lemma S_permute:
  assumes \<pi>: "\<pi> permutes {..<(N::nat)}" and a: "\<And>j. j < N \<Longrightarrow> a j \<in> A"
  shows "S N (a \<circ> \<pi>) = S N a"
proof -
  define F where "F b p = of_int (sign p) * (\<Prod>i\<in>cycle_reps p N. tau (cyc_word mul b p i))" for b p
  have \<pi>': "inv \<pi> permutes {..<N}" using permutes_inv[OF \<pi>] .
  have conj_conj: "inv \<pi> \<circ> (\<pi> \<circ> q \<circ> inv \<pi>) \<circ> \<pi> = q" "\<pi> \<circ> (inv \<pi> \<circ> q \<circ> \<pi>) \<circ> inv \<pi> = q" for q
    by (simp_all add: fun_eq_iff permutes_inverses[OF \<pi>])
  have F_conj: "F (a \<circ> \<pi>) (inv \<pi> \<circ> p \<circ> \<pi>) = F a p" if p: "p permutes {..<N}" for p
  proof -
    have "sign (inv \<pi> \<circ> p \<circ> \<pi>) = sign p"
      using permutation_if_permutes_lessThan[OF \<pi>] permutation_if_permutes_lessThan[OF \<pi>']
        permutation_if_permutes_lessThan[OF p]
      by (simp add: sign_compose permutation_compose sign_inverse)
    then show ?thesis unfolding F_def using prod_cycle_reps_conj[where a=a, OF p \<pi> a] by simp
  qed
  have "sum (F (a \<circ> \<pi>)) {p. p permutes {..<N}} = sum (F a) {p. p permutes {..<N}}"
  proof (rule sum.reindex_bij_witness[where i="\<lambda>p. inv \<pi> \<circ> p \<circ> \<pi>" and j="\<lambda>q. \<pi> \<circ> q \<circ> inv \<pi>"])
    fix q assume "q \<in> {p. p permutes {..<N}}"
    then have q: "q permutes {..<N}" by simp
    have conj: "\<pi> \<circ> q \<circ> inv \<pi> permutes {..<N}" using q \<pi> \<pi>' by (intro permutes_compose)
    then show "\<pi> \<circ> q \<circ> inv \<pi> \<in> {p. p permutes {..<N}}" by simp
    from F_conj[OF conj] show "F a (\<pi> \<circ> q \<circ> inv \<pi>) = F (a \<circ> \<pi>) q"
      unfolding conj_conj(1) by (rule sym)
    show "inv \<pi> \<circ> (\<pi> \<circ> q \<circ> inv \<pi>) \<circ> \<pi> = q" by (rule conj_conj)
  next
    fix q assume "q \<in> {p. p permutes {..<N}}"
    then have "q permutes {..<N}" by simp
    then show "inv \<pi> \<circ> q \<circ> \<pi> \<in> {p. p permutes {..<N}}" using \<pi> \<pi>' by (simp add: permutes_compose)
    show "\<pi> \<circ> (inv \<pi> \<circ> q \<circ> \<pi>) \<circ> inv \<pi> = q" by (rule conj_conj)
  qed
  then show ?thesis unfolding S_tau_cycle_reps F_def .
qed
lemma bdd_above: "bdd_above R" and bdd_below: "bdd_below R"
  using compact by (simp_all add: compact_imp_bounded bounded_imp_bdd_above bounded_imp_bdd_below)

lemma Inf_in: "Inf R \<in> R"
  using closed_contains_Inf[OF nonempty bdd_below] compact by (simp add: compact_imp_closed)

lemma Sup_in: "Sup R \<in> R"
  using closed_contains_Sup[OF nonempty bdd_above] compact by (simp add: compact_imp_closed)

lemma Inf_le: "x \<in> R \<Longrightarrow> Inf R \<le> x"
  using cInf_lower bdd_below by blast

lemma le_Sup: "x \<in> R \<Longrightarrow> x \<le> Sup R"
  using cSup_upper bdd_above by blast

lemma gap_Inf_Sup: "R \<inter> {Inf R<..<Sup R} \<noteq> {}"
proof -
  have "R \<inter> {Inf R - 1<..<Sup R + 1} \<noteq> {}"
    using Inf_in Inf_le[OF Sup_in] by auto
  then obtain c where "c \<in> R" "R \<inter> {Inf R - 1<..<c} \<noteq> {}" "R \<inter> {c<..<Sup R + 1} \<noteq> {}"
    using perfect_split_point[OF perfect] by blast
  then show ?thesis using Inf_le le_Sup by fastforce
qed

definition split_point :: "real \<Rightarrow> real \<Rightarrow> real" where
  "split_point a b =
     (SOME c. c \<in> R \<and> R \<inter> {a<..<c} \<noteq> {} \<and> R \<inter> {c<..<b} \<noteq> {})"

lemma split_point:
  assumes "R \<inter> {a<..<b} \<noteq> {}"
  shows "split_point a b \<in> R"
    "R \<inter> {a<..<split_point a b} \<noteq> {}" "R \<inter> {split_point a b<..<b} \<noteq> {}"
  using someI_ex[OF perfect_split_point[OF perfect assms, unfolded Bex_def]]
  unfolding split_point_def by blast+

text \<open>\<open>dyadic_point m k\<close> is the point of \<open>R\<close> labelled by \<open>k / 2^m\<close>: level \<open>m + 1\<close> keeps the
  points of level \<open>m\<close> and splits each of the \<open>2^m\<close> gaps between consecutive ones.\<close>

fun dyadic_point :: "nat \<Rightarrow> nat \<Rightarrow> real" where
  "dyadic_point 0 k = (if k = 0 then Inf R else Sup R)"
| "dyadic_point (Suc m) k =
     (if even k then dyadic_point m (k div 2)
      else split_point (dyadic_point m (k div 2)) (dyadic_point m (k div 2 + 1)))"

lemma dyadic_point_gaps:
  "(\<forall>k \<le> 2^m. dyadic_point m k \<in> R) \<and>
   (\<forall>k < 2^m. R \<inter> {dyadic_point m k<..<dyadic_point m (k + 1)} \<noteq> {})"
proof (induction m)
  case 0
  then show ?case using Inf_in Sup_in gap_Inf_Sup by auto
next
  case (Suc m)
  have in_R: "dyadic_point (Suc m) k \<in> R" if "k \<le> 2^Suc m" for k
  proof (cases "even k")
    case True
    then show ?thesis using Suc that by auto
  next
    case False
    then have "k div 2 < 2^m" using that by (auto elim!: oddE)
    then show ?thesis using Suc split_point(1) False by auto
  qed
  have gap: "R \<inter> {dyadic_point (Suc m) k<..<dyadic_point (Suc m) (k + 1)} \<noteq> {}"
    if k: "k < 2^Suc m" for k
  proof (cases "even k")
    case True
    then obtain j where "k = 2 * j" "j < 2^m" using k by auto
    then show ?thesis using Suc split_point(2) by simp
  next
    case False
    then obtain j where "k = 2 * j + 1" "j < 2^m" using k by (auto elim!: oddE)
    then show ?thesis using Suc split_point(3) by simp
  qed
  show ?case using in_R gap by blast
qed

lemma dyadic_point_in: "k \<le> 2^m \<Longrightarrow> dyadic_point m k \<in> R"
  using dyadic_point_gaps by blast

lemma dyadic_point_less_Suc: "k < 2^m \<Longrightarrow> dyadic_point m k < dyadic_point m (k + 1)"
  using dyadic_point_gaps[of m] by fastforce

lemma dyadic_point_strict_mono: "k < k' \<Longrightarrow> k' \<le> 2^m \<Longrightarrow> dyadic_point m k < dyadic_point m k'"
proof (induction k' rule: less_induct)
  case (less k')
  then obtain j where j: "k' = Suc j" "k \<le> j" by (cases k') auto
  then have "dyadic_point m k \<le> dyadic_point m j"
    using less by (cases "k = j") (auto intro: less_imp_le)
  also have "\<dots> < dyadic_point m k'" using dyadic_point_less_Suc[of j m] j less by simp
  finally show ?case .
qed

lemma dyadic_point_refine: "dyadic_point (m + j) (k * 2^j) = dyadic_point m k"
  by (induction j) simp_all

lemma dyadic_point_less:
  assumes "k \<le> 2^m" "k' \<le> 2^m'" "real k / 2^m < real k' / 2^m'"
  shows "dyadic_point m k < dyadic_point m' k'"
proof -
  have "real (k * 2^m') < real (k' * 2^m)" using assms(3) by (simp add: field_simps)
  then have "k * 2^m' < k' * 2^m" by (simp only: of_nat_less_iff)
  moreover have "k' * 2^m \<le> 2^(m' + m)" using assms(2) by (simp add: power_add)
  ultimately have "dyadic_point (m + m') (k * 2^m') < dyadic_point (m' + m) (k' * 2^m)"
    by (simp add: add.commute dyadic_point_strict_mono)
  then show ?thesis by (simp only: dyadic_point_refine)
qed

text \<open>Inserting \<open>Inf R\<close> (resp. \<open>Sup R\<close>) keeps the sets nonempty, so that the
  conditionally complete \<open>Sup\<close> and \<open>Inf\<close> are not junk, and fixes the values at \<open>0\<close> and \<open>1\<close>.\<close>

definition left_limit :: "real \<Rightarrow> real" where
  "left_limit x = Sup (insert (Inf R) {dyadic_point m k | m k. k \<le> 2^m \<and> real k / 2^m < x})"

definition right_limit :: "real \<Rightarrow> real" where
  "right_limit x = Inf (insert (Sup R) {dyadic_point m k | m k. k \<le> 2^m \<and> x < real k / 2^m})"

lemma left_set_subset: "insert (Inf R) {dyadic_point m k | m k. k \<le> 2^m \<and> real k / 2^m < x} \<subseteq> R"
  using Inf_in dyadic_point_in by auto

lemma right_set_subset: "insert (Sup R) {dyadic_point m k | m k. k \<le> 2^m \<and> x < real k / 2^m} \<subseteq> R"
  using Sup_in dyadic_point_in by auto

lemma left_limit_in: "left_limit x \<in> R"
proof -
  have "left_limit x \<in> closure (insert (Inf R) {dyadic_point m k | m k. k \<le> 2^m \<and> real k / 2^m < x})"
    unfolding left_limit_def
    using bdd_above_mono[OF bdd_above left_set_subset] by (intro closure_contains_Sup) auto
  also have "\<dots> \<subseteq> R"
    using left_set_subset compact by (simp add: closure_minimal compact_imp_closed)
  finally show ?thesis .
qed

lemma right_limit_in: "right_limit x \<in> R"
proof -
  have "right_limit x \<in> closure (insert (Sup R) {dyadic_point m k | m k. k \<le> 2^m \<and> x < real k / 2^m})"
    unfolding right_limit_def
    using bdd_below_mono[OF bdd_below right_set_subset] by (intro closure_contains_Inf) auto
  also have "\<dots> \<subseteq> R"
    using right_set_subset compact by (simp add: closure_minimal compact_imp_closed)
  finally show ?thesis .
qed

lemma dyadic_point_le_left_limit:
  "k \<le> 2^m \<Longrightarrow> real k / 2^m < x \<Longrightarrow> dyadic_point m k \<le> left_limit x"
  unfolding left_limit_def using bdd_above_mono[OF bdd_above left_set_subset]
  by (intro cSup_upper) auto

lemma right_limit_le_dyadic_point:
  "k \<le> 2^m \<Longrightarrow> x < real k / 2^m \<Longrightarrow> right_limit x \<le> dyadic_point m k"
  unfolding right_limit_def using bdd_below_mono[OF bdd_below right_set_subset]
  by (intro cInf_lower) auto

lemma left_limit_0: "left_limit 0 = Inf R"
proof -
  have "{dyadic_point m k | m k. k \<le> 2^m \<and> real k / 2^m < 0} = {}" by (auto simp: not_less)
  then show ?thesis unfolding left_limit_def by (simp only: cSup_singleton)
qed

lemma right_limit_1: "right_limit 1 = Sup R"
proof -
  have "\<not> 1 < real k / 2^m" if "k \<le> 2^m" for m k
    using that by (simp add: divide_le_eq not_less)
  then have "{dyadic_point m k | m k. k \<le> 2^m \<and> 1 < real k / 2^m} = {}" by auto
  then show ?thesis unfolding right_limit_def by (simp only: cInf_singleton)
qed
lemma A_growth: "tau (Suc k) * A (Suc k) \<le> L * (a (Suc k))\<^sup>2"
proof -
  define G where "G = (norm (grad (y k)))\<^sup>2"
  define r where "r = (a (Suc k))\<^sup>2 / (tau (Suc k) * A (Suc k))"
  have "0 < tau (Suc k) * A (Suc k)"
    using tau_ge_1[of "Suc k"] A_Suc_pos[of k] by simp
  have "1 / L \<le> r"
    using options
  proof
    assume "\<forall>k. agmsdr_step_a grad L \<mu> x y a A tau k"
    thus ?thesis unfolding agmsdr_step_a_def r_def tau_Suc A_Suc by simp
  next
    assume "\<forall>k. agmsdr_step_b f grad \<mu> x v y h a A tau k"
    hence "f (x (Suc k)) = f (y k) - r * G / 2
        + \<mu> * tau k * a (Suc k) * (norm (v k - y k))\<^sup>2 / (2 * tau (Suc k) * A (Suc k))"
      using step_b_equation unfolding r_def G_def by (simp add: mult.assoc)
    moreover have "0 \<le> \<mu> * tau k * a (Suc k) * (norm (v k - y k))\<^sup>2 / (2 * tau (Suc k) * A (Suc k))"
      using mu_pos tau_ge_1[of k] a_Suc_pos[of k] \<open>0 < tau (Suc k) * A (Suc k)\<close>
      by (simp add: mult.assoc)
    ultimately have "1 / L * G \<le> r * G"
      using f_x_Suc_sufficient_decrease[of k] unfolding G_def by simp
    moreover have "0 < G" unfolding G_def using grad_nz by simp
    ultimately show ?thesis by (metis mult_le_cancel_right_pos)
  qed
  thus ?thesis
    using \<open>0 < tau (Suc k) * A (Suc k)\<close> L_pos unfolding r_def by (simp add: field_simps)
qed
lemma cf_eq_on_closed_set:
  assumes "dag Vs E" "R \<subseteq> Vs"
    and agree: "\<And>V W. V \<in> R \<Longrightarrow> (W, V) \<in> E \<Longrightarrow> g1 W V = g2 W V"
    and closed: "\<And>V W. V \<in> R \<Longrightarrow> (W, V) \<in> E \<Longrightarrow> g1 W V = None \<Longrightarrow> W \<in> R"
    and "V \<in> R"
  shows "cf Vs E PO g1 \<omega> V = cf Vs E PO g2 \<omega> V"
  using \<open>V \<in> R\<close>
proof (induction V rule: wf_induct_rule[OF dag_wf[OF assms(1)]])
  case (1 V)
  have "restrict (\<lambda>W. case g1 W V of Some x \<Rightarrow> x | None \<Rightarrow> cf Vs E PO g1 \<omega> W) (pa E V)
      = restrict (\<lambda>W. case g2 W V of Some x \<Rightarrow> x | None \<Rightarrow> cf Vs E PO g2 \<omega> W) (pa E V)"
  proof (rule restrict_ext)
    fix W assume "W \<in> pa E V"
    then have WV: "(W, V) \<in> E" by (simp add: pa_def)
    show "(case g1 W V of Some x \<Rightarrow> x | None \<Rightarrow> cf Vs E PO g1 \<omega> W)
        = (case g2 W V of Some x \<Rightarrow> x | None \<Rightarrow> cf Vs E PO g2 \<omega> W)"
      using agree[OF 1(2) WV] closed[OF 1(2) WV] 1(1)[OF WV] by (auto split: option.split)
  qed
  moreover have "V \<in> Vs" using 1(2) \<open>R \<subseteq> Vs\<close> by blast
  ultimately show ?case by (simp add: cf_equation[OF assms(1)])
qed

lemma dpath_Cons:
  assumes "dag Vs E" "dpath Vs E p" "(W, hd p) \<in> E"
  shows "dpath Vs E (W # p)"
proof -
  have p: "p \<noteq> []" "distinct p" "set p \<subseteq> Vs" "\<forall>i. Suc i < length p \<longrightarrow> (p ! i, p ! Suc i) \<in> E"
    using assms(2) by (auto simp: dpath_def)
  have chain: "\<forall>i. Suc i < length (W # p) \<longrightarrow> ((W # p) ! i, (W # p) ! Suc i) \<in> E"
    using p(1,4) assms(3) by (auto simp: nth_Cons hd_conv_nth split: nat.split)
  have "(hd p, U) \<in> E\<^sup>*" if "U \<in> set p" for U
  proof -
    obtain k where k: "k < length p" "p ! k = U" using \<open>U \<in> set p\<close> by (auto simp: in_set_conv_nth)
    have "(p ! 0, p ! k) \<in> E\<^sup>*" if "k < length p" for k
      using that by (induction k) (auto intro: rtrancl_into_rtrancl p(4)[rule_format])
    then show ?thesis using k p(1) by (metis hd_conv_nth)
  qed
  then have "W \<notin> set p"
    using assms(3) \<open>dag Vs E\<close> unfolding dag_def acyclic_def by (meson rtrancl_into_trancl2)
  moreover have "W \<in> Vs" using assms(1,3) by (auto simp: dag_def)
  ultimately show ?thesis using p chain by (simp add: dpath_def)
qed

TASK DIRECTIONS:
Nothing but an exact copy of the lines from the first one above through the line holding "by (simp_all add: fun_eq_iff" should be returned.

RESULT OF THE EXERCISE:
lemma S_permute:
  assumes \<pi>: "\<pi> permutes {..<(N::nat)}" and a: "\<And>j. j < N \<Longrightarrow> a j \<in> A"
  shows "S N (a \<circ> \<pi>) = S N a"
proof -
  define F where "F b p = of_int (sign p) * (\<Prod>i\<in>cycle_reps p N. tau (cyc_word mul b p i))" for b p
  have \<pi>': "inv \<pi> permutes {..<N}" using permutes_inv[OF \<pi>] .
  have conj_conj: "inv \<pi> \<circ> (\<pi> \<circ> q \<circ> inv \<pi>) \<circ> \<pi> = q" "\<pi> \<circ> (inv \<pi> \<circ> q \<circ> \<pi>) \<circ> inv \<pi> = q" for q
    by (simp_all add: fun_eq_iff permutes_inverses[OF \<pi>])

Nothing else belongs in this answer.